__Available data__:
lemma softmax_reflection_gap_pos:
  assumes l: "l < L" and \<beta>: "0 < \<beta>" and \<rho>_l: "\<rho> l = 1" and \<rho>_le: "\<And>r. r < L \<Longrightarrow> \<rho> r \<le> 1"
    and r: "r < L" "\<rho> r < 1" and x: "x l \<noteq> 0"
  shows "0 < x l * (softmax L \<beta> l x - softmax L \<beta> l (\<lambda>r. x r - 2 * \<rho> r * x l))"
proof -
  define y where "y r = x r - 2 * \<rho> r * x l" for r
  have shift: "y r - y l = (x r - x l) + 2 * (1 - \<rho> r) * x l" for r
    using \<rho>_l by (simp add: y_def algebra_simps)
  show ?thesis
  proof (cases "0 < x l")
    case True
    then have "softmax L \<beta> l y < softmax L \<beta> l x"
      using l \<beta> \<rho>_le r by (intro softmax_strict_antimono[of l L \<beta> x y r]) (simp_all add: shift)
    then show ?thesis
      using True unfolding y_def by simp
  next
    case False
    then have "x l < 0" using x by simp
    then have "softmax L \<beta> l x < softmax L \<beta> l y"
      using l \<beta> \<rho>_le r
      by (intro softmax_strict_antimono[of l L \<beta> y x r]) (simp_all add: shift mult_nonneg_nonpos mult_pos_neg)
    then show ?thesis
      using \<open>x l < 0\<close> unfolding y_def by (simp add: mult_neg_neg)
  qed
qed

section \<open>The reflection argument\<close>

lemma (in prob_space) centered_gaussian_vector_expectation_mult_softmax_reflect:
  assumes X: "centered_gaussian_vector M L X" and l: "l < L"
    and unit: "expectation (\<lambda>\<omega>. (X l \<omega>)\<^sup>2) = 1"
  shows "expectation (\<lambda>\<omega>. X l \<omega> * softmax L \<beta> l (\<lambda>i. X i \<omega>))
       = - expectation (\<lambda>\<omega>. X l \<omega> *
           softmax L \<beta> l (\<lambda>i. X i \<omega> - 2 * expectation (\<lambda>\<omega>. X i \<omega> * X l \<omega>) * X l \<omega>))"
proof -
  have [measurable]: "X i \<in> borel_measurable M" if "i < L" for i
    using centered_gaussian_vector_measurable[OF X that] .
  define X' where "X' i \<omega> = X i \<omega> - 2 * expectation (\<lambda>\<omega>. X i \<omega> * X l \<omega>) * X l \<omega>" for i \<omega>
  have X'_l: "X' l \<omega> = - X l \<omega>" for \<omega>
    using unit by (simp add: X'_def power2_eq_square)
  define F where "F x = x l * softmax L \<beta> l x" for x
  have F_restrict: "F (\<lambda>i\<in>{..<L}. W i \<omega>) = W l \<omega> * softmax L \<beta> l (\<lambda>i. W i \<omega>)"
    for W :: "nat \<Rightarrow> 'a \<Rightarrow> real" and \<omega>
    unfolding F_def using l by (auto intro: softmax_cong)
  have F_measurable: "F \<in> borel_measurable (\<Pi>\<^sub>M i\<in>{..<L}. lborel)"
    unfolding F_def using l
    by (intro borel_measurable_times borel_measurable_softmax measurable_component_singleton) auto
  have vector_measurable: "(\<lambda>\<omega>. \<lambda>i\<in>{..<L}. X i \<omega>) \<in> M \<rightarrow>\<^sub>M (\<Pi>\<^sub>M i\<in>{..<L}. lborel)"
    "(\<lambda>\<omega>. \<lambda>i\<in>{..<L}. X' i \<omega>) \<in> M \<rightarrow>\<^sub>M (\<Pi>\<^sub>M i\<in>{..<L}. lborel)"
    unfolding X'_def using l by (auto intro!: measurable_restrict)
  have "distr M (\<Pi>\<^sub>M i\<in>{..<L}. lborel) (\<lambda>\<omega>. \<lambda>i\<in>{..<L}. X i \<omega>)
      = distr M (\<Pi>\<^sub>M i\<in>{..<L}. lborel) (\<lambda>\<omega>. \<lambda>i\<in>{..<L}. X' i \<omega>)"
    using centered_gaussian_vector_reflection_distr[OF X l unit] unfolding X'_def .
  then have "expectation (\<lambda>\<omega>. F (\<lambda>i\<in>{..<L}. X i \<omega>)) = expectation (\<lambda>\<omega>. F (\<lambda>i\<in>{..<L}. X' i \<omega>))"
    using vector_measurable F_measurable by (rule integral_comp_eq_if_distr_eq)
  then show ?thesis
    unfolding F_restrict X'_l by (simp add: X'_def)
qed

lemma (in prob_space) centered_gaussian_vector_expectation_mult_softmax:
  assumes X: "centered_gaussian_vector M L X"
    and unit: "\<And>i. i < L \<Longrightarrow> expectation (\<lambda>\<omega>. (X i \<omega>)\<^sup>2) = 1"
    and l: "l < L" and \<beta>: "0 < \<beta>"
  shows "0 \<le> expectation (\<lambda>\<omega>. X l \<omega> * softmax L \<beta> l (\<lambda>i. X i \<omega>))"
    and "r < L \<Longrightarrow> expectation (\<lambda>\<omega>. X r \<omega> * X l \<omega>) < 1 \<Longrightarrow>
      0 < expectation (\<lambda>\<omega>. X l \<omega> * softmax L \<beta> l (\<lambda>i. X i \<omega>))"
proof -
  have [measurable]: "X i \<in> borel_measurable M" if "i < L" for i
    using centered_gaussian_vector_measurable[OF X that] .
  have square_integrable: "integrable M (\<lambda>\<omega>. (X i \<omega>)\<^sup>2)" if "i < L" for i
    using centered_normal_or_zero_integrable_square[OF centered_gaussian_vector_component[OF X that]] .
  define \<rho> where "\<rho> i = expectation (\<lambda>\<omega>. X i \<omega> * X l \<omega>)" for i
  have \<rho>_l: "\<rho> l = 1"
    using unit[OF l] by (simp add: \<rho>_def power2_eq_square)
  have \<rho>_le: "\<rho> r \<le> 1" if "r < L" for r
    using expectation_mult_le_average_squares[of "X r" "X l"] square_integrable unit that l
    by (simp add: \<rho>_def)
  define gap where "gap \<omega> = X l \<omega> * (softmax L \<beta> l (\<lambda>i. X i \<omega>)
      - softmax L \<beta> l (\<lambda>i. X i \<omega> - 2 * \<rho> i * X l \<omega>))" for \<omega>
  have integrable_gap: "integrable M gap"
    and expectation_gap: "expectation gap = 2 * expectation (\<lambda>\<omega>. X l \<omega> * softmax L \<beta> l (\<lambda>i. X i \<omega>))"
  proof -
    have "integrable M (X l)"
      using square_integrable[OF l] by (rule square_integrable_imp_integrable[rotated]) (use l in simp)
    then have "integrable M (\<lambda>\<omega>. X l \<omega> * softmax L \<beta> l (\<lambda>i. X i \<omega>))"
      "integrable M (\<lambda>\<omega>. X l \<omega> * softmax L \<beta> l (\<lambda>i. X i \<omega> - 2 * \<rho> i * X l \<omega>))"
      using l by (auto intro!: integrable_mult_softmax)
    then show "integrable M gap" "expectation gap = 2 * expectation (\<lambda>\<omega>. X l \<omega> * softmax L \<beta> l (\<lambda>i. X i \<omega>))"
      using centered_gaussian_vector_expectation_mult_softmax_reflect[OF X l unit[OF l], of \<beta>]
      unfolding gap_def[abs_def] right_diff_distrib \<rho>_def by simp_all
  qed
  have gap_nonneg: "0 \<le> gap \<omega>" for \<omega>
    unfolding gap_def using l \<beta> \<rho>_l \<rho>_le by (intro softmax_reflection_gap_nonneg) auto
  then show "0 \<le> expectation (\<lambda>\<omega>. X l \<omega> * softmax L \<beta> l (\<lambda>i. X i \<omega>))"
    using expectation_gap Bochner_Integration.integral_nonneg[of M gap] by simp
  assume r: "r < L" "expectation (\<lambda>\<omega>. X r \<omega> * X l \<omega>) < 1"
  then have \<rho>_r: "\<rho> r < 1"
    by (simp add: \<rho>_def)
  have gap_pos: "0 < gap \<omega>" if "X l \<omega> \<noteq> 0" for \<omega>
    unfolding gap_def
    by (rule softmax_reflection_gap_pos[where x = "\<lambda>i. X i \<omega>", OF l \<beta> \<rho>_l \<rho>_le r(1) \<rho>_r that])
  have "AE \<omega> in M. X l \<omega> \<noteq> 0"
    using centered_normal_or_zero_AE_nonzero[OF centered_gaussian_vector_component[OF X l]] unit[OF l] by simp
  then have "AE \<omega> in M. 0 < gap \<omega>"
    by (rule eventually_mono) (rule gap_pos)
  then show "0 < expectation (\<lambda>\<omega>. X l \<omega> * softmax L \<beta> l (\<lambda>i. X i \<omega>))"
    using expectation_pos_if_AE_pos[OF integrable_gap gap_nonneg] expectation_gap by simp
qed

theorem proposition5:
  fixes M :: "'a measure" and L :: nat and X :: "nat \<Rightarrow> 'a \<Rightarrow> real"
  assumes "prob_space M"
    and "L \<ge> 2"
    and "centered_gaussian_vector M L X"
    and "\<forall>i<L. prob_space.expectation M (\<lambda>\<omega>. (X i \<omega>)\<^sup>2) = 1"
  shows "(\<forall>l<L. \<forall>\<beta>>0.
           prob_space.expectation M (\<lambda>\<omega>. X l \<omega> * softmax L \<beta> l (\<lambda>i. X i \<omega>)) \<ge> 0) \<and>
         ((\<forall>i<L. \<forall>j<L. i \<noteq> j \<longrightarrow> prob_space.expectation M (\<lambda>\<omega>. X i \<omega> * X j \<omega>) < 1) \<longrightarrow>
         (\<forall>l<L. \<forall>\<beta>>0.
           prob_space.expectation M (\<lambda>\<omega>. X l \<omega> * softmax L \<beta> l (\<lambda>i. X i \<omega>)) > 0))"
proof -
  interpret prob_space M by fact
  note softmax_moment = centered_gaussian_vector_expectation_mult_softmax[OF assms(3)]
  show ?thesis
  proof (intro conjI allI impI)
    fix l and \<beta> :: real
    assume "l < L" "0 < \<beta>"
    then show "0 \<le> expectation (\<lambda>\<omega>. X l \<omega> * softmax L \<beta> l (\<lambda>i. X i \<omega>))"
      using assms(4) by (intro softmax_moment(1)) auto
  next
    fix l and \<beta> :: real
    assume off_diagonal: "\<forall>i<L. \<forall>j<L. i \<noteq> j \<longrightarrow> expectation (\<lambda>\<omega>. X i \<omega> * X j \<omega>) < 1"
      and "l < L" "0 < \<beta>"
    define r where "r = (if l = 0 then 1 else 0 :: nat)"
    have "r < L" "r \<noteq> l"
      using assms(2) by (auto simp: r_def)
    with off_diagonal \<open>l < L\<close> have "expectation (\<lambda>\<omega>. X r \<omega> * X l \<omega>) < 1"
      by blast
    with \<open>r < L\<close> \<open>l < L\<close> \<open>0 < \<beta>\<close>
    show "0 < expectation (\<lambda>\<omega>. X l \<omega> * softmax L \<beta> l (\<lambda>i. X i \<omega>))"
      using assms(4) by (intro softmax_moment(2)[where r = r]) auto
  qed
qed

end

==

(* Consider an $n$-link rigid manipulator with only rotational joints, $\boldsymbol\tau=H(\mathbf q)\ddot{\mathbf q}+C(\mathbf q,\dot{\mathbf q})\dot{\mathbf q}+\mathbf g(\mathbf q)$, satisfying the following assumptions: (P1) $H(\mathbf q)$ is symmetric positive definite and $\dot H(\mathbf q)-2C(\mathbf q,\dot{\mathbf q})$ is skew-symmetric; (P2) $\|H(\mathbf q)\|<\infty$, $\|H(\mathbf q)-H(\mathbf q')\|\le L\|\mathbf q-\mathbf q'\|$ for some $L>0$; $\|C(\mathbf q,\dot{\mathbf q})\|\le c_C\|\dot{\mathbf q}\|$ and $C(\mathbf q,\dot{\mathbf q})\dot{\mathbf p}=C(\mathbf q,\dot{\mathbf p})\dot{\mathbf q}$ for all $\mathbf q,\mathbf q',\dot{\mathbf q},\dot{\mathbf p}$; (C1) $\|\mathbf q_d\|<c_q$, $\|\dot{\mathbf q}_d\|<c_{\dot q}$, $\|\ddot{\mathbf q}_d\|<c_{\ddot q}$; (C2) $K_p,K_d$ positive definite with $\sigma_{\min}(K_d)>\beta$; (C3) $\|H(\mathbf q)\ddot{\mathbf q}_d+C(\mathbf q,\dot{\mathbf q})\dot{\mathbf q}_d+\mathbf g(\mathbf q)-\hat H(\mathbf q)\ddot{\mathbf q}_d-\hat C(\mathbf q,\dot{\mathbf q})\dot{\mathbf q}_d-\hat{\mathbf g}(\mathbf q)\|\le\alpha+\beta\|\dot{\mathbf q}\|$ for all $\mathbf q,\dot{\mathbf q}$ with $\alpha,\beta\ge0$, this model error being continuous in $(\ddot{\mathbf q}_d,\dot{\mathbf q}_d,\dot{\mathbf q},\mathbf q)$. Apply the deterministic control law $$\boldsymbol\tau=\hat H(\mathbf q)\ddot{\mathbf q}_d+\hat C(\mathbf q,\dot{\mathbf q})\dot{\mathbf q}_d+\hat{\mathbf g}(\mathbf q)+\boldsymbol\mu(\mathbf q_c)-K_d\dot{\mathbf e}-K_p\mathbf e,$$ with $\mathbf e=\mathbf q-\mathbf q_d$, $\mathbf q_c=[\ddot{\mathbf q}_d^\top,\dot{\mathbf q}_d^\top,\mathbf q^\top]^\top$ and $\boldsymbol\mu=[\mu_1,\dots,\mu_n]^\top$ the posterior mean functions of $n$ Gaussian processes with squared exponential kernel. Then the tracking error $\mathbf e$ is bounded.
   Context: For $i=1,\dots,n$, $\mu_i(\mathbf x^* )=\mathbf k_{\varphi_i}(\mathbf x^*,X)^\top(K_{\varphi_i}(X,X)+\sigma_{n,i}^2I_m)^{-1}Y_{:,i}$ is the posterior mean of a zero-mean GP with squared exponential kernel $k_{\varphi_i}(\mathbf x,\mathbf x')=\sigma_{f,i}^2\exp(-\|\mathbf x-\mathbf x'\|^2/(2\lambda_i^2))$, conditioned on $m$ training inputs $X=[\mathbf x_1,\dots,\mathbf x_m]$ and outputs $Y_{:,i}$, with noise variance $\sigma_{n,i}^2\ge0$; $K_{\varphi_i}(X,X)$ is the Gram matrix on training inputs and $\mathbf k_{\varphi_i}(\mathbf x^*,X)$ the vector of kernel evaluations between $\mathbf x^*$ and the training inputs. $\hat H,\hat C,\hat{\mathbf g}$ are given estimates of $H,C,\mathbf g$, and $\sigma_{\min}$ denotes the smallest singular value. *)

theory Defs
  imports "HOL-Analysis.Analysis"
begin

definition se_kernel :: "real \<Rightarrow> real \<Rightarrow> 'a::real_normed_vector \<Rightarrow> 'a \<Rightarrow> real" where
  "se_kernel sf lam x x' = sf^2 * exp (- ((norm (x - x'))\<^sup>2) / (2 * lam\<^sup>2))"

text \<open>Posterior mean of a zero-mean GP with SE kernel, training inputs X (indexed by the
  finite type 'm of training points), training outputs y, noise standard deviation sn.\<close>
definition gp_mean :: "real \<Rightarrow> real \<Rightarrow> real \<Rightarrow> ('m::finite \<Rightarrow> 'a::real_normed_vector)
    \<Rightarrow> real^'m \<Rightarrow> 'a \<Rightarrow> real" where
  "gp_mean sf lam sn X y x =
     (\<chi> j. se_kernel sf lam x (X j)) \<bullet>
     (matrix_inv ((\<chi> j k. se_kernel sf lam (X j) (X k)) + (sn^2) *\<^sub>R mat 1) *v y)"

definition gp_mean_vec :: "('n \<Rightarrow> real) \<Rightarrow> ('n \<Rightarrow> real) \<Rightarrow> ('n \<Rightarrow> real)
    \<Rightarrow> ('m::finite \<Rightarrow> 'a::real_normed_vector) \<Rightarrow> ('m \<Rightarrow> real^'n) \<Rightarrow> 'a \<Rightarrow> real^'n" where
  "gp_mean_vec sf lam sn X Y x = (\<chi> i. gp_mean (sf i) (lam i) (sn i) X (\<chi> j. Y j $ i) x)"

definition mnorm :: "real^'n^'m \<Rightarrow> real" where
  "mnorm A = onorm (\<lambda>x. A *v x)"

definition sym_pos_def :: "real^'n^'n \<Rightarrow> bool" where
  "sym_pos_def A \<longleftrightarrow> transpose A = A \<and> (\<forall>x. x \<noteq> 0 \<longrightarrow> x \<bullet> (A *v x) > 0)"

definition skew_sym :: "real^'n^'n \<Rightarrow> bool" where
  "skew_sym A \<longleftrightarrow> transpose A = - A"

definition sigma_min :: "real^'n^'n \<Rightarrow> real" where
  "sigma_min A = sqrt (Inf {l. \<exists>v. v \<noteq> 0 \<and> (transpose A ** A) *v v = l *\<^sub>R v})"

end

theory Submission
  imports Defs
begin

* * *

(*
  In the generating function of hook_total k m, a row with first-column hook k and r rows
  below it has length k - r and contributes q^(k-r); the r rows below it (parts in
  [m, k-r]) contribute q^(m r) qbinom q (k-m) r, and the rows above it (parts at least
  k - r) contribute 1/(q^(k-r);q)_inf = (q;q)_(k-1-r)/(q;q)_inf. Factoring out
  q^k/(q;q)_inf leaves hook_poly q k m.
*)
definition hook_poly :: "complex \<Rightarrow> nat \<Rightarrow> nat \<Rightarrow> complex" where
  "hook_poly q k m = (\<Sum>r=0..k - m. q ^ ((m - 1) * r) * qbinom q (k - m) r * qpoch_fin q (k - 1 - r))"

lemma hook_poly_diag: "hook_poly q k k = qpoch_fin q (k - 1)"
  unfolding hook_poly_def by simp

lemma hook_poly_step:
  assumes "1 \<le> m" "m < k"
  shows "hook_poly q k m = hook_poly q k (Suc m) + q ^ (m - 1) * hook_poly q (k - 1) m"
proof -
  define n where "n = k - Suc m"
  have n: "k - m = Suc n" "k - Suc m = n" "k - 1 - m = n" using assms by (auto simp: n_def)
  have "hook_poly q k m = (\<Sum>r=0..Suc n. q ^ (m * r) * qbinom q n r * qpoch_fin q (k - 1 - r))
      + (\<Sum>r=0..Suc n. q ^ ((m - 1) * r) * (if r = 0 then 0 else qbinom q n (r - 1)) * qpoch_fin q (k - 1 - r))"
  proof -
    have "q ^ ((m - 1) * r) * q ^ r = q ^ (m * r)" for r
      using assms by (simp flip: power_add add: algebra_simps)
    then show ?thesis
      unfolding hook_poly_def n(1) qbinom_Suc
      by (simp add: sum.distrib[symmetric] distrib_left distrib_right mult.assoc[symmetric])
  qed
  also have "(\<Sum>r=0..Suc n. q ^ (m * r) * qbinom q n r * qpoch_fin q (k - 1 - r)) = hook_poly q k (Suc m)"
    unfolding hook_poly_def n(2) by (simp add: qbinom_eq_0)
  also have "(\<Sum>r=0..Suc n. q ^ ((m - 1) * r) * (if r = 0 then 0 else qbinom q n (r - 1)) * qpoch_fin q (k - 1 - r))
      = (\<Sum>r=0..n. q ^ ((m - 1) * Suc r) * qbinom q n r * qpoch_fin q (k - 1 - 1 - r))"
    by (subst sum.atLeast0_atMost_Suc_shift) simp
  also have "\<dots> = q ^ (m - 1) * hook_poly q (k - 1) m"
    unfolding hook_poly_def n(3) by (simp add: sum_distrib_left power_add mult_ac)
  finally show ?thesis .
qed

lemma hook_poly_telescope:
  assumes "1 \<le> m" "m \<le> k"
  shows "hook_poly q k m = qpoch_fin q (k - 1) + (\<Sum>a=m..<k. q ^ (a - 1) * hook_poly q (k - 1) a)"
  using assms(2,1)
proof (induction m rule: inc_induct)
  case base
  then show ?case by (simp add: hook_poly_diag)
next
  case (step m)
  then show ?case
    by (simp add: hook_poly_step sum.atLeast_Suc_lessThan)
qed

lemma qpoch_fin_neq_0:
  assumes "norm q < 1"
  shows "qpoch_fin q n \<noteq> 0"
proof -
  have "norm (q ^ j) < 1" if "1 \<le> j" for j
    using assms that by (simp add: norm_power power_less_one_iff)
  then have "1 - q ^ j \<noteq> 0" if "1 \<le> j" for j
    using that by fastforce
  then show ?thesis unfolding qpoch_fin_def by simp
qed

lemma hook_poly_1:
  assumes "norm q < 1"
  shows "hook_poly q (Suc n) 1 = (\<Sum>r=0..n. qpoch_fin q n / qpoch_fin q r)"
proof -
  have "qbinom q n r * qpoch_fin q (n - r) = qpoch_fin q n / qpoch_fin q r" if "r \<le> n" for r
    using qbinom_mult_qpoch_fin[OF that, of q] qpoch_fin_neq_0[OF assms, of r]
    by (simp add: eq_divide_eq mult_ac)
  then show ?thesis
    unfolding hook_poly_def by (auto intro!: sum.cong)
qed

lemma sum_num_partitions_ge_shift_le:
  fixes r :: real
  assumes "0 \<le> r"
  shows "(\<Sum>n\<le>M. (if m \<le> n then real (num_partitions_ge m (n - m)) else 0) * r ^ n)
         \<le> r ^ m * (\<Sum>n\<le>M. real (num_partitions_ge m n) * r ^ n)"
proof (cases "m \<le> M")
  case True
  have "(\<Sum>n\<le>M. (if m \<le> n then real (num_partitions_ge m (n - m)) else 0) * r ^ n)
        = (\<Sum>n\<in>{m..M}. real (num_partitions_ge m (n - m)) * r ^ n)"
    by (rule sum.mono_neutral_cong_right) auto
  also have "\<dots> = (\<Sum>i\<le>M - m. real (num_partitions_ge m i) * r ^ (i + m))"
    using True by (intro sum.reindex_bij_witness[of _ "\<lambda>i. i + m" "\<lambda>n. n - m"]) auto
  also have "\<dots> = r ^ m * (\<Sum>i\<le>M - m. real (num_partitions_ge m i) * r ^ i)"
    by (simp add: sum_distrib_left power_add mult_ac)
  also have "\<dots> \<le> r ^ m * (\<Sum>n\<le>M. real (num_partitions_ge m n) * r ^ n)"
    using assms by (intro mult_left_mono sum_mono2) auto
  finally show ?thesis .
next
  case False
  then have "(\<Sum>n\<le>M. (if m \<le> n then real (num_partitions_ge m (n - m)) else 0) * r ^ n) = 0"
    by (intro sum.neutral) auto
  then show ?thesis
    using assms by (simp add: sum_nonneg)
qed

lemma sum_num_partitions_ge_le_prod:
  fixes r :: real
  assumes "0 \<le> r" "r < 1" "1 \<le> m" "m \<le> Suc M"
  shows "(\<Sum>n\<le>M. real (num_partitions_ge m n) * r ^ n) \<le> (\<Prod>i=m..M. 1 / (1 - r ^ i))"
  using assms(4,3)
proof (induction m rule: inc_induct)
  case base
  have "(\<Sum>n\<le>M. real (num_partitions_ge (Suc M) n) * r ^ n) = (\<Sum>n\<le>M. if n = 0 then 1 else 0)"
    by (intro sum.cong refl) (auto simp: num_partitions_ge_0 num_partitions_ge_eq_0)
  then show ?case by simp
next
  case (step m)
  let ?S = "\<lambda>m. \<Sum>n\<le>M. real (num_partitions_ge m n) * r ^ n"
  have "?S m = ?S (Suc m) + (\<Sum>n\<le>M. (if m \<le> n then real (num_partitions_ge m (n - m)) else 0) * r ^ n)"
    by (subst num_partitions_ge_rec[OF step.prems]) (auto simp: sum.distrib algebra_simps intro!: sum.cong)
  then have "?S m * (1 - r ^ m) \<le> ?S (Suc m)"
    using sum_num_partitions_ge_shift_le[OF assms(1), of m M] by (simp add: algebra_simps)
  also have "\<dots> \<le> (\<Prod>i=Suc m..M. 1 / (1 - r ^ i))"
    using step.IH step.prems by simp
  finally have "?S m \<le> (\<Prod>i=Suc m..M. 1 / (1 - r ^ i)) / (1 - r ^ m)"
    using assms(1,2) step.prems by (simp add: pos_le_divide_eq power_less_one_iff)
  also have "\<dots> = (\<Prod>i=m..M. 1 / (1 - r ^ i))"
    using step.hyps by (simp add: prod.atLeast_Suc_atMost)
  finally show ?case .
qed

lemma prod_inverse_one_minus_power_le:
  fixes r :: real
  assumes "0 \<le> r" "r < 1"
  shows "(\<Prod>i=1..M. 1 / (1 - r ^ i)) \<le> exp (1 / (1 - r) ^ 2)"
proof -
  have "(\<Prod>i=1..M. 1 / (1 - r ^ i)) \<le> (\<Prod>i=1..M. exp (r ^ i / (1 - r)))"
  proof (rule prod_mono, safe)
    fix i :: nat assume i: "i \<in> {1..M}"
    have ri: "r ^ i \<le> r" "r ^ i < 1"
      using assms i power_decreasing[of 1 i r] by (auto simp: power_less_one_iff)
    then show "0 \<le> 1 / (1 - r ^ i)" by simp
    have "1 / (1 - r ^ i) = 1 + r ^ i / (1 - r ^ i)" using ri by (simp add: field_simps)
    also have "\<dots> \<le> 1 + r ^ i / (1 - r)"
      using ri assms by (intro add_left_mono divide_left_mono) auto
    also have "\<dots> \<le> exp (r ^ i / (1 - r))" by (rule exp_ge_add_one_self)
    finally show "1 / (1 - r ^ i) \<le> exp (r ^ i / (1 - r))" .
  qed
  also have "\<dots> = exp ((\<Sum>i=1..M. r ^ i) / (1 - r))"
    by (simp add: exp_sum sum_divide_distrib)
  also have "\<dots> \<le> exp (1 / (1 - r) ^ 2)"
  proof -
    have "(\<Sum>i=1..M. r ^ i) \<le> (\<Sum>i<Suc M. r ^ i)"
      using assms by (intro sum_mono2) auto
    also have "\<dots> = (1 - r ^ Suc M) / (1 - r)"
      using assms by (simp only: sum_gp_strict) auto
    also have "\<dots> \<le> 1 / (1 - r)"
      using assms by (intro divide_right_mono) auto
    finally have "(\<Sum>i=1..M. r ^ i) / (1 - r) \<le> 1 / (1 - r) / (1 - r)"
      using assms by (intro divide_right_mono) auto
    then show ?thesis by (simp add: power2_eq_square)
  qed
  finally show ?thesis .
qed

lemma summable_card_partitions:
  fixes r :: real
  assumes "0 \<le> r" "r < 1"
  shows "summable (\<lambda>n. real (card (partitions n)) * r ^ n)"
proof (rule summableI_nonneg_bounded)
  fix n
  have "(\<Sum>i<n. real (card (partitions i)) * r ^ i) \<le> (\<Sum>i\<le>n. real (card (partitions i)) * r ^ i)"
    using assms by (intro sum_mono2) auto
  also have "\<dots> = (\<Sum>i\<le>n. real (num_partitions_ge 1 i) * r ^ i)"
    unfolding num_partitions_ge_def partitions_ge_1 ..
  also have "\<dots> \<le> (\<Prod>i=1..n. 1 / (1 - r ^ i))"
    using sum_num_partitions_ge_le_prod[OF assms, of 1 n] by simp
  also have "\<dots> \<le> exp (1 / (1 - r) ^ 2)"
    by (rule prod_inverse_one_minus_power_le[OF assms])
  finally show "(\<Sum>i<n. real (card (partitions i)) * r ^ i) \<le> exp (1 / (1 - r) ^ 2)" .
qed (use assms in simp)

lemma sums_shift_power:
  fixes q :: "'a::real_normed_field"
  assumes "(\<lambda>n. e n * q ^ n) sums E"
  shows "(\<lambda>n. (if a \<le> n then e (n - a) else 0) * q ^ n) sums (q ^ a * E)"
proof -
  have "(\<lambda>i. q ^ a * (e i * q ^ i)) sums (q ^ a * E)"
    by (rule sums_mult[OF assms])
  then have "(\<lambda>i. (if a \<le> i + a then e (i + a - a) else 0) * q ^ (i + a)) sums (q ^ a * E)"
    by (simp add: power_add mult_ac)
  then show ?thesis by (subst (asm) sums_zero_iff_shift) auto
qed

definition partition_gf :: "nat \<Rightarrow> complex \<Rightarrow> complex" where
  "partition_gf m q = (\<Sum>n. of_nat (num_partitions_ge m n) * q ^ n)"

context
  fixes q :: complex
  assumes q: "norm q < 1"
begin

__How to complete this task__:
Filtering the entries above by the word "noise", copy each line that matches.

__Answer for the task__:
   Context: For $i=1,\dots,n$, $\mu_i(\mathbf x^* )=\mathbf k_{\varphi_i}(\mathbf x^*,X)^\top(K_{\varphi_i}(X,X)+\sigma_{n,i}^2I_m)^{-1}Y_{:,i}$ is the posterior mean of a zero-mean GP with squared exponential kernel $k_{\varphi_i}(\mathbf x,\mathbf x')=\sigma_{f,i}^2\exp(-\|\mathbf x-\mathbf x'\|^2/(2\lambda_i^2))$, conditioned on $m$ training inputs $X=[\mathbf x_1,\dots,\mathbf x_m]$ and outputs $Y_{:,i}$, with noise variance $\sigma_{n,i}^2\ge0$; $K_{\varphi_i}(X,X)$ is the Gram matrix on training inputs and $\mathbf k_{\varphi_i}(\mathbf x^*,X)$ the vector of kernel evaluations between $\mathbf x^*$ and the training inputs. $\hat H,\hat C,\hat{\mathbf g}$ are given estimates of $H,C,\mathbf g$, and $\sigma_{\min}$ denotes the smallest singular value. *)
  finite type 'm of training points), training outputs y, noise standard deviation sn.\<close>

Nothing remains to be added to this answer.